A conservative theologian at Catholic University Chad Pecknold, also confirmed that Francis was tolling the path of Pope Paul VI, who had seemed open to doctrinal change on sexual morality but then issued a 1968 edict reiterating the church’s ban on artificial birth control. in his words;

“This is Francis doing much the same — shocking progressives by affirming the church’s teaching that sexual activity outside of the marriage of one man and one woman is contrary to the good of human dignity,” Pecknold said.

The church has reiterated that its determination was not intended to be “a form of unjust discrimination” and called on priests to welcome those with “homosexual inclinations” with respect and sensitivity. The decree said individual gay people could continue to be blessed by the church, provided they show “the will to live in fidelity to the revealed plans of God as proposed by Church teaching.”

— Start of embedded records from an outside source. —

lemma K_Omega_range_cofinal:
  fixes b :: "nat \<Rightarrow> 'a set"
  assumes cover: "range b \<in> K_Omega X" and F: "finite F" "F \<subseteq> topspace X"
  shows "\<exists>n\<ge>K. F \<subseteq> X closure_of b n"
proof -
  have "\<exists>q. q \<in> topspace X - X closure_of b k" for k
  proof -
    have "X closure_of b k \<noteq> topspace X" using cover by (simp add: mem_K_Omega_iff)
    with closure_of_subset_topspace[of X "b k"] show ?thesis by blast
  qed
  then obtain q where q: "\<And>k. q k \<in> topspace X - X closure_of b k" by metis
  have "finite (F \<union> q ` {..<K})" using F(1) by simp
  moreover have "F \<union> q ` {..<K} \<subseteq> topspace X" using F(2) q by auto
  ultimately obtain n where n: "F \<union> q ` {..<K} \<subseteq> X closure_of b n"
    using cover[unfolded mem_K_Omega_iff, THEN conjunct2, rule_format, of "F \<union> q ` {..<K}"] by auto
  have "n \<ge> K"
  proof (rule ccontr)
    assume "\<not> n \<ge> K"
    then have "q n \<in> X closure_of b n" using n by auto
    with q show False by blast
  qed
  with n show ?thesis by blast
qed

lemma quasicontinuous_map_D2_iff:
  "quasicontinuous_map X D2 g \<longleftrightarrow>
     (\<forall>x\<in>topspace X. x \<in> X closure_of (X interior_of {p \<in> topspace X. g p = g x}))"
proof -
  have "(\<forall>V U. openin D2 V \<and> g x \<in> V \<and> openin X U \<and> x \<in> U \<longrightarrow>
            (\<exists>W. openin X W \<and> W \<noteq> {} \<and> W \<subseteq> U \<and> g ` W \<subseteq> V)) \<longleftrightarrow>
        (\<forall>U. x \<in> U \<and> openin X U \<longrightarrow>
            (\<exists>y. y \<in> X interior_of {p \<in> topspace X. g p = g x} \<and> y \<in> U))"
    (is "?qc \<longleftrightarrow> (\<forall>U. x \<in> U \<and> openin X U \<longrightarrow> (\<exists>y. y \<in> ?I \<and> y \<in> U))")
    for x
  proof
    assume qc: ?qc
    show "\<forall>U. x \<in> U \<and> openin X U \<longrightarrow> (\<exists>y. y \<in> ?I \<and> y \<in> U)"
    proof (intro allI impI)
      fix U assume "x \<in> U \<and> openin X U"
      then obtain W y where W: "openin X W" "y \<in> W" "W \<subseteq> U" "g ` W \<subseteq> {g x}"
        using qc[rule_format, of "{g x}" U] by auto
      then have "W \<subseteq> ?I"
        by (intro interior_of_maximal) (auto dest: openin_subset)
      then show "\<exists>y. y \<in> ?I \<and> y \<in> U" using W by blast
    qed
  next
    assume dense: "\<forall>U. x \<in> U \<and> openin X U \<longrightarrow> (\<exists>y. y \<in> ?I \<and> y \<in> U)"
    show ?qc
    proof (intro allI impI)
      fix V U assume VU: "openin D2 V \<and> g x \<in> V \<and> openin X U \<and> x \<in> U"
      have "g ` ?I \<subseteq> V"
        using interior_of_subset[of X "{p \<in> topspace X. g p = g x}"] VU by auto
      then show "\<exists>W. openin X W \<and> W \<noteq> {} \<and> W \<subseteq> U \<and> g ` W \<subseteq> V"
        using dense VU by (intro exI[of _ "?I \<inter> U"]) auto
    qed
  qed
  then show ?thesis unfolding quasicontinuous_map_def in_closure_of by simp
qed

lemma quasicontinuous_map_closure_indicator:
  assumes "openin X U"
  shows "quasicontinuous_map X D2 (restrict (\<lambda>x. x \<in> X closure_of U) (topspace X))"
  unfolding quasicontinuous_map_D2_iff
proof
  let ?f = "restrict (\<lambda>x. x \<in> X closure_of U) (topspace X)"
  fix x assume x: "x \<in> topspace X"
  show "x \<in> X closure_of (X interior_of {p \<in> topspace X. ?f p = ?f x})"
  proof (cases "x \<in> X closure_of U")
    case True
    have "U \<subseteq> {p \<in> topspace X. ?f p = ?f x}"
      using True x closure_of_subset[OF openin_subset[OF assms]] openin_subset[OF assms] by auto
    then have "U \<subseteq> X interior_of {p \<in> topspace X. ?f p = ?f x}"
      using assms by (rule interior_of_maximal)
    then show ?thesis using True closure_of_mono by blast
  next
    case False
    let ?O = "topspace X - X closure_of U"
    have "?O \<subseteq> X interior_of {p \<in> topspace X. ?f p = ?f x}"
      using False x by (intro interior_of_maximal) (auto simp: openin_diff)
    moreover have "x \<in> ?O" using False x by simp
    ultimately show ?thesis
      by (meson closure_of_subset interior_of_subset_topspace subsetD)
  qed
qed

lemma closure_indicator_in_topspace_Qp:
  "openin X U \<Longrightarrow> restrict (\<lambda>x. x \<in> X closure_of U) (topspace X) \<in> topspace (Qp X)"
  by (simp add: topspace_Qp quasicontinuous_map_closure_indicator)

Furthermore, a renowned Scholar, at Catholic Studies Program at the Ethics and Public Policy Center Steve White, criticized those who were expecting the pope to alter the church’s position on same-sex unions as unrealistic. He claims that;

“This isn’t a waffling back-and-forth from Pope Francis,” he said. “This is consistent with statements like ‘Who am I to judge?’ People who don’t see that are misunderstanding the pope.”

The decree comes just five months after Francis roused hopes among LGBT Catholics with comments calling for same-sex couples to be “legally covered” by civil union laws. Although the report suggested that the pope’s comments were never intended to be public become public since its origin was from a portion of a 2019 interview with a Mexican broadcaster that was never aired.

But many gay Catholics, speaking on Monday, said they felt betrayed or wounded by the Marianne Duddy-Burke, executive director of Dignity¬USA, America’s largest Although gay Catholics, said it is “hard for a lot of people to understand just how removed the church is, from human rights advances that are being made in the rest of society.”

Meanwhile, Aurelio Mancuso, former head of Arcigay, Italy’s leading gay rights group, disclosed that in a ceremony with his partner, in 2016, a priest had blessed their wedding bands — and that such acts would continue to go on, “regardless of the reprimands.”

“Catholic homosexuals like me know the opinions and traditions of the Catholic Church,” Mancuso said. “The gist of it is that we’re not part of the Creator’s design, and are thus a sin, something that has to be corrected. It’s intolerable that the hierarchy — not the church — stubbornly keeps justifying discrimination.”

He continued by insisting that no matter the determinations inside the Vatican, the gates for greater acceptance had “already swung open.”

“This is a document that nobody needed,” Mancuso said. “It’s not about the truth of faith, but the opinion of the hierarchy.”